Mais uma coisa que não poderia parecer coincidência: Haroldo de Campos e Caetano Veloso possuem uma estreita relação. O poeta concretista transformou as composições/poemas de Caetano, sendo referenciada em uma das mais famosas faixas do cantor: “Sampa” e a dura poesia concreta de suas esquinas. Acho que a poesia concreta continua tendo tudo a ver com o que a gente vive e esse convite da vida de mergulhar nessa imersão de informação. É possível transformar o caos em algo poético, aberto, afetivo.

Alguns dos verbos “servidos” na exposição. (Foto: Paola De Bettio)

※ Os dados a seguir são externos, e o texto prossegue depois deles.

text \<open>A matching edge with an endpoint u that has more than K neighbours in R on both sides
  is replaced by an edge from u to a fresh R-neighbour on u's side; there are enough of them
  because the terminals and the matching use at most 2k + 2|I| vertices.\<close>
lemma has_pbm_if_agree_on_unbalanced:
  assumes g: "graph V E" and p: "partition2 V A B" and p': "partition2 V A' B'"
    and I: "I \<subseteq> {1..k}" and R: "R \<subseteq> V" and agree: "\<forall>w\<in>R. w \<in> A \<longleftrightarrow> w \<in> A'"
    and unbalanced: "\<forall>v\<in>V. card (nbrs E v \<inter> R \<inter> A) \<le> K \<or> card (nbrs E v \<inter> R \<inter> B) \<le> K
                         \<longrightarrow> (v \<in> A \<longleftrightarrow> v \<in> A')"
    and K: "2 * k + 3 * card I \<le> K"
    and m: "parity_breaking_matching E k s t I A B m"
  shows "has_pbm E k s t I A' B'"
proof -
  have fI: "finite I" using I finite_subset by blast
  have mE: "\<forall>i\<in>I. m i \<in> E \<and> (m i \<subseteq> A \<or> m i \<subseteq> B)"
    using m unfolding parity_breaking_matching_def by blast
  then have mV: "m i \<subseteq> V" "card (m i) = 2" "finite (m i)" if "i \<in> I" for i
    using graph_edgeD[OF g] that by auto
  define bal where "bal u \<longleftrightarrow> K < card (nbrs E u \<inter> R \<inter> A) \<and> K < card (nbrs E u \<inter> R \<inter> B)" for u
  define J where "J = {i\<in>I. \<exists>u\<in>m i. bal u}"
  define u where "u i = (SOME x. x \<in> m i \<and> bal x)" for i
  have u: "u i \<in> m i" "bal (u i)" if "i \<in> J" for i
    using that someI_ex[of "\<lambda>x. x \<in> m i \<and> bal x"] unfolding J_def u_def by auto
  define C where "C i = nbrs E (u i) \<inter> R \<inter> (if u i \<in> A' then A' else B')" for i
  define F where "F = (\<Union>i\<in>I. m i) \<union> (s ` {1..k} \<union> t ` {1..k})"
  have "card (\<Union>i\<in>I. m i) \<le> 2 * card I"
    using card_UN_le[OF fI, of m] mV by simp
  then have "card F \<le> 2 * card I + 2 * k"
    using card_Un_le[of "\<Union>i\<in>I. m i" "s ` {1..k} \<union> t ` {1..k}"] card_terminals_le[of s k t]
    unfolding F_def by linarith
  moreover have "J \<subseteq> I" unfolding J_def by blast
  then have "finite J" "card J \<le> card I" using fI by (auto intro: finite_subset card_mono)
  moreover have "R \<inter> A' = R \<inter> A" "R \<inter> B' = R \<inter> B"
    using R agree p p' unfolding partition2_def by blast+
  then have "finite (C i)" "K < card (C i)" if "i \<in> J" for i
    using finite_nbrs[OF g] u[OF that] unfolding C_def bal_def by (simp_all add: Int_assoc)
  ultimately have "\<forall>i\<in>J. finite (C i) \<and> card F + card J \<le> card (C i)"
    using K by fastforce
  moreover have "finite F" using fI mV unfolding F_def by auto
  ultimately obtain r where r: "\<forall>i\<in>J. r i \<in> C i - F" "inj_on r J"
    using exists_inj_choice_avoiding[of J F C] \<open>finite J\<close> by blast
  define m' where "m' i = (if i \<in> J then {u i, r i} else m i)" for i
  have edges: "\<forall>i\<in>I. m' i \<in> E \<and> (m' i \<subseteq> A' \<or> m' i \<subseteq> B')"
  proof
    fix i assume i: "i \<in> I"
    show "m' i \<in> E \<and> (m' i \<subseteq> A' \<or> m' i \<subseteq> B')"
    proof (cases "i \<in> J")
      case True
      then have ri: "r i \<in> C i" using r(1) by blast
      then have "{u i, r i} \<in> E" unfolding C_def nbrs_def adj_def by simp
      moreover have "u i \<in> V" using mV[OF i] u[OF True] by auto
      moreover have "r i \<in> (if u i \<in> A' then A' else B')" using ri unfolding C_def by simp
      ultimately show ?thesis using True p' unfolding m'_def partition2_def by (auto split: if_splits)
    next
      case False
      have same_side: "v \<in> A \<longleftrightarrow> v \<in> A'" if "v \<in> m i" for v
      proof -
        have "\<not> bal v" "v \<in> V" using False i that mV(1)[OF i] unfolding J_def by auto
        then have "card (nbrs E v \<inter> R \<inter> A) \<le> K \<or> card (nbrs E v \<inter> R \<inter> B) \<le> K"
          unfolding bal_def by linarith
        then show ?thesis using unbalanced \<open>v \<in> V\<close> by blast
      qed
      then show ?thesis
        using subset_class_if_agree[OF p p' mV(1)[OF i]] mE i False unfolding m'_def by auto
    qed
  qed
  have "\<forall>i\<in>I - J. m' i \<subseteq> m i" "\<forall>i\<in>J. m' i \<subseteq> insert (r i) (m i)"
    using u unfolding m'_def by auto
  moreover have "\<forall>i\<in>J. r i \<notin> (\<Union>j\<in>I. m j) \<union> (s ` {1..k} \<union> t ` {1..k})"
    using r(1) unfolding F_def by blast
  ultimately have "parity_breaking_matching E k s t I A' B' m'"
    using parity_breaking_matching_reroute[OF m edges \<open>J \<subseteq> I\<close> _ _ r(2)] by blast
  then show ?thesis unfolding has_pbm_def by blast
qed
lemma strong_odd_coloring_if_inj:
  assumes "simple_graph V E" "inj_on c V"
  shows "strong_odd_coloring V E c"
  unfolding strong_odd_coloring_def
proof (intro conjI ballI impI allI)
  fix u v assume "u \<in> V" "v \<in> V" "E u v"
  then show "c u \<noteq> c v"
    using assms unfolding simple_graph_def inj_on_def by blast
next
  fix v k
  have "{u \<in> nbhd V E v. c u = k} = {} \<or> (\<exists>u. {u \<in> nbhd V E v. c u = k} = {u})"
    using assms(2) unfolding nbhd_def inj_on_def by blast
  then show "card {u \<in> nbhd V E v. c u = k} = 0 \<or> odd (card {u \<in> nbhd V E v. c u = k})"
  proof (elim disjE exE)
    assume empty: "{u \<in> nbhd V E v. c u = k} = {}"
    show ?thesis
      unfolding empty by simp
  next
    fix u assume singleton: "{u \<in> nbhd V E v. c u = k} = {u}"
    show ?thesis
      unfolding singleton by simp
  qed
qed

lemma strong_odd_coloring_class_not_pair:
  assumes "strong_odd_coloring V E c" "v \<in> V" "u \<noteq> w"
  shows "{x \<in> nbhd V E v. c x = k} \<noteq> {u, w}"
proof
  assume pair: "{x \<in> nbhd V E v. c x = k} = {u, w}"
  then have "nbhd V E v \<noteq> {}"
    by blast
  then have "card {x \<in> nbhd V E v. c x = k} = 0 \<or> odd (card {x \<in> nbhd V E v. c x = k})"
    using assms(1,2) unfolding strong_odd_coloring_def by blast
  then show False
    using assms(3) unfolding pair by simp
qed
(* Let $\widehat\Gamma$ be a timed region graph, let $\mu\in\Delta_{\mathrm{Min}}$ be regionally constant and let $(T^\mu,D^\mu)\models\mathrm{Opt}_{\mathrm{Max}}(\widehat\Gamma\upharpoonright\mu)$. If $\mathrm{Improve}_{\mathrm{Min}}(\mu,(T^\mu,D^\mu))=\mu$, then $(T^\mu,D^\mu)\models\mathrm{Opt}_{\mathrm{MinMax}}(\widehat\Gamma)$.
   Context: Fix $k\in\mathbb N$. Let $C$ be a finite set of clocks. A clock valuation is a function $\nu:C\to[0,k]$; $V$ is the set of clock valuations. For $t\ge 0$ let $(\nu+t)(c)=\nu(c)+t$; for $C'\subseteq C$ let $\mathrm{Reset}(\nu,C')(c)=0$ if $c\in C'$ and $=\nu(c)$ otherwise. Simple clock constraints are $c\bowtie i$ or $c-c'\bowtie i$ with $c,c'\in C$, $i\in\{0,\dots,k\}$, ${\bowtie}\in\{<,>,=,\le,\ge\}$. A clock region is an equivalence class of $V$ under "satisfies the same simple clock constraints"; a clock zone is a convex union of clock regions. For a finite set $L$ of locations, a configuration is $s=(\ell,\nu)\in Q=L\times V$; write $s(c)=\nu(c)$ and $s+t=(\ell,\nu+t)$ (defined if $\nu+t\in V$). A region is $(\ell,P)$ (identified with $\{(\ell,\nu):\nu\in P\}$) for a clock region $P$; $[s]$ is the region containing $s$, $\mathcal R$ the set of regions, $\overline R$ the topological closure of $R$. A zone is a set $\{(\ell,\nu):\nu\in W_\ell\}$ with each $W_\ell$ a clock zone. A timed automaton $\mathcal T=(L,C,S,A,E,\delta,\rho,F)$ consists of finite $L$, finite $C$, a zone $S\subseteq Q$ of states, a finite set $A$ of actions, $E:A\to 2^S$ with every $E(a)$ a zone, $\delta:L\times A\to L$, $\rho:A\to 2^C$, and a zone $F\subseteq S$ of final states. For $s=(\ell,\nu)$: $s\to_t s'$ if $s'=s+t$ is defined and $s+t'\in S$ for all $t'\in[0,t]$; $s\xrightarrow{a}s'$ if $s'=(\delta(\ell,a),\mathrm{Reset}(\nu,\rho(a)))$, $s,s'\in S$ and $s\in E(a)$. For $(a,t)\in A\times\mathbb R_{\ge0}$, $\mathrm{Succ}(s,(a,t))=(\delta(\ell,a),\mathrm{Reset}(\nu+t,\rho(a)))$. A reachability-time game is $\Gamma=(\mathcal T,L_{\mathrm{Min}},L_{\mathrm{Max}})$ with $(L_{\mathrm{Min}},L_{\mathrm{Max}})$ a partition of $L$; $S_{\mathrm{Min}}$, $S_{\mathrm{Max}}$, $\mathcal R_{\mathrm{Min}}$, $\mathcal R_{\mathrm{Max}}$ are the states/regions with location in $L_{\mathrm{Min}}$ resp. $L_{\mathrm{Max}}$. Region relations: $R\to_*R'$ if there are $s\in R,s'\in R'$, $t\ge 0$ with $s\to_t s'$; $R\to_{+1}R'$ ($R'$ is the time successor of $R$) if $R\to_*R'$, $R\ne R'$, and $R\to_*R''\to_*R'$ implies $R''\in\{R,R'\}$; $R\xrightarrow aR'$ if there are $s\in R,s'\in R'$ with $s\xrightarrow a s'$. $R$ is thin if for all $s\in R$ and $\varepsilon>0$, $[s+\varepsilon]\neq[s]$. For thin $R''$, $b\in\{0,\dots,k\}$, $c\in C$: $R\to_{b,c}R''$ if $R\to_*R''$ and $s+(b-s(c))\in R''$ for all $s\in R$. Simple timed actions: $\mathcal A=A\times\{0,\dots,k\}\times C$; for $\alpha=(a,b,c)$, $t(s,\alpha)=b-s(c)$ if $s(c)\le b$ and $0$ otherwise, and $\mathrm{Succ}(s,\alpha)=\mathrm{Succ}(s,(a,t(s,\alpha)))$. For $F$ defined on $\overline{R'}$: $F^\oplus_\alpha(s)=t(s,\alpha)+F(\mathrm{Succ}(s,\alpha))$ and $F^\boxplus_\alpha(s)=1+F(\mathrm{Succ}(s,\alpha))$. Timed region graph $\widehat\Gamma=(\mathcal R,\mathcal M)$: $(R,\alpha,R')\in\mathcal M$ with $\alpha=(a,b,c)$ iff (i) $R\to_{b,c}R''\xrightarrow aR'$ for some $R''$; or (ii) $R\in\mathcal R_{\mathrm{Min}}$ and $R\to_{b,c}R''\to_{+1}R'''\xrightarrow aR'$ for some $R'',R'''$; or (iii) $R\in\mathcal R_{\mathrm{Max}}$ and $R\to_{b,c}R''$, $R'''\to_{+1}R''$, $R'''\xrightarrow aR'$ for some $R'',R'''$. (For $(R,\alpha,R')\in\mathcal M$ and $s\in R$, $\mathrm{Succ}(s,\alpha)\in\overline{R'}$.) Regional functions: maps $T$ assigning to each region $R$ a function $T(R):\overline R\to\mathbb R\cup\{\infty\}$ (resp. $D(R):\overline R\to\mathbb N\cup\{\infty\}$); $\widetilde T(s)=T([s])(s)$. Lexicographic order: $(x,y)\le^{\mathrm{lex}}(x',y')$ iff $x<x'$, or $x=x'$ and $y\le y'$. Strategies and subgraphs: a positional strategy for Min in $\widehat\Gamma$ is a map $\mu:S_{\mathrm{Min}}\to\mathcal M$ with $\mu(s)$ of the form $([s],\alpha,R)$; $\Delta_{\mathrm{Min}}$ is the set of these. $\mu$ is regionally constant if $[s]=[s']$ implies $\mu(s)=\mu(s')$ (write $\mu(R)$); then the strategy subgraph $\widehat\Gamma\upharpoonright\mu$ keeps all moves out of $\mathcal R_{\mathrm{Max}}$ and, out of each $R\in\mathcal R_{\mathrm{Min}}$, only $\mu(R)$. For $s\in S$ let $M_*(s,(T,D))$ be the set of moves $m=([s],\alpha,R')\in\mathcal M$ at which $(T(R')^\oplus_\alpha(s),D(R')^\boxplus_\alpha(s))$ is lexicographically minimal. Fix a function $\mathrm{Choose}$ selecting an element of each nonempty set of moves. $\mathrm{Improve}_{\mathrm{Min}}(\mu,(T,D))(s)=\mu(s)$ if $\mu(s)\in M_*(s,(T,D))$, and $=\mathrm{Choose}(M_*(s,(T,D)))$ otherwise. Optimality equations for a graph $G=(\mathcal R,\mathcal M')$, $\mathcal M'\subseteq\mathcal M$: $(T,D)\models\mathrm{Opt}_{\mathrm{Max}}(G)$ iff $(\widetilde T(s),\widetilde D(s))=(0,0)$ for $s\in F$ and, for all $s\in S\setminus F$, $(\widetilde T(s),\widetilde D(s))=\max^{\mathrm{lex}}\{(T(R')^\oplus_\alpha(s),D(R')^\boxplus_\alpha(s)):([s],\alpha,R')\in\mathcal M'\}$. $(T,D)\models\mathrm{Opt}_{\mathrm{MinMax}}(G)$ iff for $s\in F$ the pair is $(0,0)$, for $s\in S_{\mathrm{Min}}\setminus F$ it equals the $\min^{\mathrm{lex}}$ of that set, and for $s\in S_{\mathrm{Max}}\setminus F$ it equals the $\max^{\mathrm{lex}}$ of that set. *)

theory Defs
  imports Main "HOL-Library.Extended_Real" "HOL-Library.Extended_Nat"
begin

type_synonym ('l,'c) conf = "'l \<times> ('c \<Rightarrow> real)"
type_synonym ('l,'c,'a) move = "('l,'c) conf set \<times> ('a \<times> nat \<times> 'c) \<times> ('l,'c) conf set"

record ('l,'c,'a) rtgame =
  kmax  :: nat
  St    :: "('l,'c) conf set"
  En    :: "'a \<Rightarrow> ('l,'c) conf set"
  delta :: "'l \<Rightarrow> 'a \<Rightarrow> 'l"
  rho   :: "'a \<Rightarrow> 'c set"
  Fin   :: "('l,'c) conf set"
  LMin  :: "'l set"

definition Vals :: "nat \<Rightarrow> ('c \<Rightarrow> real) set" where
  "Vals k = {\<nu>. \<forall>c. 0 \<le> \<nu> c \<and> \<nu> c \<le> real k}"

datatype cmp = CLt | CGt | CEq | CLe | CGe

fun cmpsat :: "cmp \<Rightarrow> real \<Rightarrow> real \<Rightarrow> bool" where
  "cmpsat CLt x y = (x < y)"
| "cmpsat CGt x y = (x > y)"
| "cmpsat CEq x y = (x = y)"
| "cmpsat CLe x y = (x \<le> y)"
| "cmpsat CGe x y = (x \<ge> y)"

datatype 'c ccons = CSingle 'c cmp nat | CDiff 'c 'c cmp nat

fun ccsat :: "('c \<Rightarrow> real) \<Rightarrow> 'c ccons \<Rightarrow> bool" where
  "ccsat \<nu> (CSingle c r i) = cmpsat r (\<nu> c) (real i)"
| "ccsat \<nu> (CDiff c c' r i) = cmpsat r (\<nu> c - \<nu> c') (real i)"

fun cc_bound :: "'c ccons \<Rightarrow> nat" where
  "cc_bound (CSingle c r i) = i"
| "cc_bound (CDiff c c' r i) = i"

definition simple_cc :: "nat \<Rightarrow> 'c ccons set" where
  "simple_cc k = {g. cc_bound g \<le> k}"

definition reg_equiv :: "nat \<Rightarrow> ('c \<Rightarrow> real) \<Rightarrow> ('c \<Rightarrow> real) \<Rightarrow> bool" where
  "reg_equiv k \<nu> \<nu>' = (\<forall>g\<in>simple_cc k. ccsat \<nu> g \<longleftrightarrow> ccsat \<nu>' g)"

Acho que os verbos no infinitivo criam uma potência maior para a possibilidade – parece deixar no ar, sem espaços para sufocamentos. Quatro pratos: “pensar, poetar, transluzir, definir”. É sobre isso, um convite, uma abertura. Essa criação de constelações poéticas é coletiva. E os pratos são a metáfora para o “servir”, metáfora que casa bem com a antropofagia tropicalista. Palavras são servidas como “modos de ler e de orbitar no improvável”. A palavra é tudo e nada. A palavra cria e a palavra encerra. A palavra é fonema, que é som, mas também cria figuras, é visual. A palavra também pode abrir espaço para o silêncio. 

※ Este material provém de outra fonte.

(* There exists a constant $c>0$ such that for all sufficiently large $n$ there is a partial function $f$ on $\{0,1\}^n$ that is minimally non-extendable and whose domain satisfies $|\mathrm{D}(f)| \ge 2^{cn}$ (i.e. $|\mathrm{D}(f)| = 2^{\Omega(n)}$).
   Context: A partial function $f$ on $\{0,1\}^n$ is a real-valued function defined on a subset $\mathrm{D}(f)\subseteq\{0,1\}^n$. A function $g:\{0,1\}^n\to\mathbb{R}$ is submodular if $g(x+\mathbf{e}_i)-g(x) \ge g(y+\mathbf{e}_i)-g(y)$ for all $i$ and all $x\le y$ (coordinatewise) with $x_i=y_i=0$, where $\mathbf{e}_i$ is the $i$-th standard basis vector. A partial function $f$ is extendable if there is a submodular $g:\{0,1\}^n\to\mathbb{R}$ agreeing with $f$ on $\mathrm{D}(f)$. For $\mathcal{A}\subseteq\{0,1\}^n$, $f|_{\mathcal{A}}$ is the partial function agreeing with $f$ on $\mathcal{A}\cap \mathrm{D}(f)$ and undefined elsewhere. $f$ is minimally non-extendable if $f$ is not extendable but $f|_{\mathcal{A}}$ is extendable for every proper subset $\mathcal{A}\subsetneq \mathrm{D}(f)$. *)

theory Defs
  imports Complex_Main
begin

text \<open>A point x of {0,1}^n is encoded as its support, a subset of {..<n};
  x \<le> y coordinatewise is set inclusion, and x + e_i (for x_i = 0) is insert i x.\<close>

definition submodular :: "nat \<Rightarrow> (nat set \<Rightarrow> real) \<Rightarrow> bool" where
  "submodular n g \<longleftrightarrow>
     (\<forall>i<n. \<forall>X Y. X \<subseteq> Y \<and> Y \<subseteq> {..<n} \<and> i \<notin> Y \<longrightarrow>
        g (insert i X) - g X \<ge> g (insert i Y) - g Y)"

definition partial_fun_on :: "nat \<Rightarrow> (nat set \<rightharpoonup> real) \<Rightarrow> bool" where
  "partial_fun_on n f \<longleftrightarrow> dom f \<subseteq> Pow {..<n}"

definition extendable :: "nat \<Rightarrow> (nat set \<rightharpoonup> real) \<Rightarrow> bool" where
  "extendable n f \<longleftrightarrow>
     (\<exists>g. submodular n g \<and> (\<forall>x\<in>dom f. f x = Some (g x)))"

definition minimally_non_extendable :: "nat \<Rightarrow> (nat set \<rightharpoonup> real) \<Rightarrow> bool" where
  "minimally_non_extendable n f \<longleftrightarrow>
     \<not> extendable n f \<and> (\<forall>A. A \<subset> dom f \<longrightarrow> extendable n (f |` A))"

end

theory Submission
  imports Defs
begin

text \<open>Pair the coordinates as {2m, 2m+1} for m < k and view the sets choosing exactly one
  element of each pair m with h \<le> m < k as the nodes of level h of a complete binary tree: the
  root is {} and there are 2^k leaves. A node P of level l+1 is the bottom of the diamond P,
  P+2l, P+(2l+1), P+2l+(2l+1) whose middle corners are its children; its top is a cap.
  There is a submodular function base k whose second differences vanish on these diamonds and
  are at least 1 on all other squares. The partial function equals base k on the leaves and
  caps and base k + 1/4 at the root. For a submodular extension g the tight diamonds propagate
  g \<le> base k from the leaves up to the root, a contradiction. After removing any point x of the
  domain, adding 1/4 along the root path to x (and subtracting 1/4 at x if x is a cap) keeps
  base k submodular: the perturbation moves second differences by at most 1 and never breaks a
  diamond.\<close>

definition second_diff :: "(nat set \<Rightarrow> real) \<Rightarrow> nat set \<Rightarrow> nat \<Rightarrow> nat \<Rightarrow> real" where
  "second_diff g X i j = g (insert i X) + g (insert j X) - g X - g (insert i (insert j X))"

lemma second_diff_commute: "second_diff g X i j = second_diff g X j i"
  unfolding second_diff_def by (simp add: insert_commute)

lemma second_diff_add:
  "second_diff (\<lambda>Y. f Y + g Y) X i j = second_diff f X i j + second_diff g X i j"
  unfolding second_diff_def by simp

lemma second_diff_diff:
  "second_diff (\<lambda>Y. f Y - g Y) X i j = second_diff f X i j - second_diff g X i j"
  unfolding second_diff_def by simp

lemma second_diff_sum:
  "second_diff (\<lambda>Y. \<Sum>l\<in>S. F l Y) X i j = (\<Sum>l\<in>S. second_diff (F l) X i j)"
  unfolding second_diff_def by (simp add: sum.distrib sum_subtractf)

lemma second_diff_bounded:
  assumes "\<And>Y. 0 \<le> p Y" "\<And>Y. p Y \<le> c"
  shows "- 2 * c \<le> second_diff p X i j" "second_diff p X i j \<le> 2 * c"
  unfolding second_diff_def
  using assms[of "insert i X"] assms[of "insert j X"] assms[of X] assms[of "insert i (insert j X)"]
  by linarith+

Em tantas outras faixas de Caetano é possível perceber esse livre brincar. Em “Rapte-me Camaleoa”, o cantor projeta “Ser/ Querer/ Ser / Merecer/ ser / Um camaleão”. Elida, ao “jogar” as palavras, pelo menos do meu ponto de vista, convida o público para “brincar” de poetar. Projetar as palavras, que parecem estar meramente soltas, e criar uma constelação interminável de possibilidades poéticas. Elida traz combinações como “Pensar, romper, produzir”; “Realizar; dizer”; “Ler; alterar”, enfim. Abre a possibilidade para o “leitor”, como aponta Barthes, continuar a obra como bem entender.

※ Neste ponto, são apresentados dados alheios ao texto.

(* Let $q$ be a prime power with $q\ge 2s$, and let $1\le t_i\le t_o\le s$. Then there exists a linear $(t_i,t_o,s,q)$-AONT.
   Context: A linear $(t_i,t_o,s,q)$-AONT is given by an invertible $s\times s$ matrix $M$ over $\mathbb{F}_q$ defining the map $\mathbf{x}\mapsto\mathbf{y}=\mathbf{x}M^{-1}$ on row vectors of $\mathbb{F}_q^s$, such that for every set $I$ of $t_i$ input coordinates and every set $J$ of $s-t_o$ output coordinates, the pair $((x_i)_{i\in I},(y_j)_{j\in J})$ takes every value in $\mathbb{F}_q^{t_i+s-t_o}$ equally often as $\mathbf{x}$ ranges over $\mathbb{F}_q^s$. Equivalently, $M$ is invertible and every $t_o\times t_i$ submatrix of $M$ has rank $t_i$. *)

theory Defs
  imports "Jordan_Normal_Form.Matrix"
begin

text \<open>Matrices over a finite field 'a (so q = CARD('a), a prime power).
  Indices are 0-based: coordinates are {0..<s}. Vectors x in F_q^s are row vectors;
  the row-vector product x M^{-1} is computed as (M^{-1})^T *v x.\<close>

definition mat_inv_of :: "'a :: field mat \<Rightarrow> 'a mat" where
  "mat_inv_of M = (SOME B. inverts_mat M B \<and> inverts_mat B M)"

definition row_times :: "'a :: field vec \<Rightarrow> 'a mat \<Rightarrow> 'a vec" where
  "row_times x A = transpose_mat A *\<^sub>v x"

definition linear_AONT :: "nat \<Rightarrow> nat \<Rightarrow> nat \<Rightarrow> 'a :: {field, finite} mat \<Rightarrow> bool" where
  "linear_AONT ti to s M \<longleftrightarrow>
     M \<in> carrier_mat s s \<and> invertible_mat M \<and>
     (\<forall>I J. I \<subseteq> {0..<s} \<and> card I = ti \<and> J \<subseteq> {0..<s} \<and> card J = s - to \<longrightarrow>
        (\<exists>c. \<forall>a b :: nat \<Rightarrow> 'a.
           card {x \<in> carrier_vec s. (\<forall>i\<in>I. x $ i = a i) \<and>
                   (\<forall>j\<in>J. row_times x (mat_inv_of M) $ j = b j)} = c))"

end

theory Submission
  imports Defs "Jordan_Normal_Form.Determinant" "HOL-Computational_Algebra.Polynomial"
begin

(* M is the Cauchy matrix (1 / (\<beta>_c - \<alpha>_r)) on 2s distinct field elements \<alpha>_r, \<beta>_c, which exist
   since q \<ge> 2s. Its square submatrices are nonsingular: if \<Sum>_r g_r / (X - \<alpha>_r) vanishes at as
   many points \<beta>_c as it has terms, then its numerator, a polynomial of smaller degree, is zero,
   and evaluating that numerator at \<alpha>_r gives g_r = 0.
   Writing y = x M^{-1} as x = y M, fix the outputs y_J. As s - |J| = t_o \<ge> t_i, there are t_i
   further outputs R, and since M[R,I] is nonsingular, y_R can be chosen to give x_I any value.
   Hence x \<mapsto> (x_I, y_J) is a surjective linear map, and its fibres, the cosets of its kernel,
   all have the same size. *)

definition partial_fraction_numerator :: "('b \<Rightarrow> 'a::field) \<Rightarrow> ('b \<Rightarrow> 'a) \<Rightarrow> 'b set \<Rightarrow> 'a poly" where
  "partial_fraction_numerator v w B = (\<Sum>b\<in>B. smult (v b) (\<Prod>l\<in>B-{b}. [:- w l, 1:]))"

lemma degree_partial_fraction_numerator:
  assumes "finite B"
  shows "degree (partial_fraction_numerator v w B) \<le> card B - 1"
  unfolding partial_fraction_numerator_def
proof (rule degree_sum_le[OF assms])
  fix b assume b: "b \<in> B"
  have "degree (smult (v b) (\<Prod>l\<in>B-{b}. [:- w l, 1:])) \<le> degree (\<Prod>l\<in>B-{b}. [:- w l, 1:])"
    by (rule degree_smult_le)
  also have "\<dots> \<le> sum (degree \<circ> (\<lambda>l. [:- w l, 1:])) (B-{b})"
    by (rule degree_prod_sum_le) (use assms in auto)
  also have "\<dots> = card B - 1"
    using b assms by simp
  finally show "degree (smult (v b) (\<Prod>l\<in>B-{b}. [:- w l, 1:])) \<le> card B - 1" .
qed

lemma poly_partial_fraction_numerator:
  assumes "finite B" and "x \<notin> w ` B"
  shows "poly (partial_fraction_numerator v w B) x = (\<Prod>l\<in>B. x - w l) * (\<Sum>b\<in>B. v b / (x - w b))"
proof -
  have "v b * (\<Prod>l\<in>B-{b}. x - w l) = (\<Prod>l\<in>B. x - w l) * (v b / (x - w b))" if b: "b \<in> B" for b
  proof -
    have "x - w b \<noteq> 0"
      using b assms(2) by auto
    then show ?thesis
      unfolding prod.remove[OF assms(1) b, of "\<lambda>l. x - w l"] by (simp add: field_simps)
  qed
  then show ?thesis
    by (simp add: partial_fraction_numerator_def poly_sum poly_prod sum_distrib_left)
qed

lemma poly_partial_fraction_numerator_node:
  assumes "finite B" and "b \<in> B"
  shows "poly (partial_fraction_numerator v w B) (w b) = v b * (\<Prod>l\<in>B-{b}. w b - w l)"
proof -
  have "(\<Prod>l\<in>B-{b'}. w b - w l) = 0" if "b' \<in> B - {b}" for b'
    using that assms by (intro prod_zero) auto
  then have "(\<Sum>b'\<in>B-{b}. v b' * (\<Prod>l\<in>B-{b'}. w b - w l)) = 0"
    by simp
  then show ?thesis
    using sum.remove[OF assms, of "\<lambda>b'. v b' * (\<Prod>l\<in>B-{b'}. w b - w l)"]
    by (simp add: partial_fraction_numerator_def poly_sum poly_prod)
qed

Aquelas palavras espalhadas provocam a sensação de exercício criativo e poético. É delicioso ficar pronunciando elas e pensar nas múltiplas conexões: por vezes, são antônimos, ora são parte de um caminho; às vezes, sinônimos metafóricos. Esse exercício cria figuras do nosso pensamento. Não pude esquecer das madrugas de insônia pensando palavras atrás de palavras, por impulso, tentando esquecer qualquer lógica. Acho que é uma das raízes de amar as palavras, sobretudo as escritas. Soltar as palavras faz a gente lembrar quem nós somos, é quase psicanalítico.

A palavra, aqui, cria o fio condutor dessa orbita infinita que vem dos infinitivos. Tornar o universo ao redor poético é fácil, como dois e dois são cinco, tudo certo.